This function calculates several goodness of fit values to evaluate how good the observed values fit the empirical observations.

Usage

model.fit(y_obs, y_exp, plotVal = FALSE)

Arguments

y_obs

Observed values of the dependent variable \(y\)

y_exp

Expected values of the dependent variable \(y\) (model results)

plotVal

Logical argument that indicates if the function plots a graph comparing observed and expected values

Value

list:

resids_sq_sum

Sum of squared residuals

pseudorsq

Pseudo-R-squared

globerr

Global error

mape

Mean average percentage error

Details

This function computes several goodness of fit statistics to evaluate the results of non-linear fitting procedures for the Huff model (see the functions huff.attrac and huff.fit).

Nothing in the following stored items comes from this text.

lemma AE_floor_pow_deviation_tendsto:
  assumes \<alpha>: "1 < \<alpha>"
  shows "AE \<omega> in M. (\<lambda>n. (cutoff_sum (floor_pow \<alpha> n) \<omega> - expectation (cutoff_sum (floor_pow \<alpha> n)))
    / floor_pow \<alpha> n) \<longlonglongrightarrow> 0"
proof -
  have "AE \<omega> in M. \<forall>j::nat. \<forall>\<^sub>F n in sequentially.
    \<bar>cutoff_sum (floor_pow \<alpha> n) \<omega> - expectation (cutoff_sum (floor_pow \<alpha> n))\<bar> < 1 / Suc j * floor_pow \<alpha> n"
    by (subst AE_all_countable) (intro allI AE_eventually_floor_pow_deviation_lt \<alpha>, simp)
  then show ?thesis
  proof eventually_elim
    case (elim \<omega>)
    show ?case
    proof (rule LIMSEQ_I)
      fix r :: real assume "0 < r"
      then obtain j where j: "1 / Suc j < r"
        using reals_Archimedean by (auto simp: inverse_eq_divide)
      obtain n0 where n0: "\<And>n. n0 \<le> n \<Longrightarrow>
          \<bar>cutoff_sum (floor_pow \<alpha> n) \<omega> - expectation (cutoff_sum (floor_pow \<alpha> n))\<bar> < 1 / Suc j * floor_pow \<alpha> n"
        using elim[rule_format, of j] by (auto simp: eventually_sequentially)
      show "\<exists>n0. \<forall>n\<ge>n0. norm ((cutoff_sum (floor_pow \<alpha> n) \<omega> - expectation (cutoff_sum (floor_pow \<alpha> n)))
          / floor_pow \<alpha> n - 0) < r"
      proof (intro exI allI impI)
        fix n assume "n0 \<le> n"
        then have "\<bar>cutoff_sum (floor_pow \<alpha> n) \<omega> - expectation (cutoff_sum (floor_pow \<alpha> n))\<bar> / floor_pow \<alpha> n
            < 1 / Suc j"
          using n0 floor_pow_pos[OF \<alpha>, of n] by (simp add: pos_divide_less_eq)
        then show "norm ((cutoff_sum (floor_pow \<alpha> n) \<omega> - expectation (cutoff_sum (floor_pow \<alpha> n)))
            / floor_pow \<alpha> n - 0) < r"
          using j by (simp add: abs_divide)
      qed
    qed
  qed
qed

Besides the sum of squared residuals, the function also calculates a Pseudo-R-squared measure and the MAPE (mean average percentage error), both used by De Beule et al. (2014), and the global error used by Klein (1988).

References

De Beule, M./Van den Poel, D./Van de Weghe, N. (2014): “An extended Huff-model for robustly benchmarking and predicting retail network performance”. In: Applied Geography, 46, 1, p. 80-89.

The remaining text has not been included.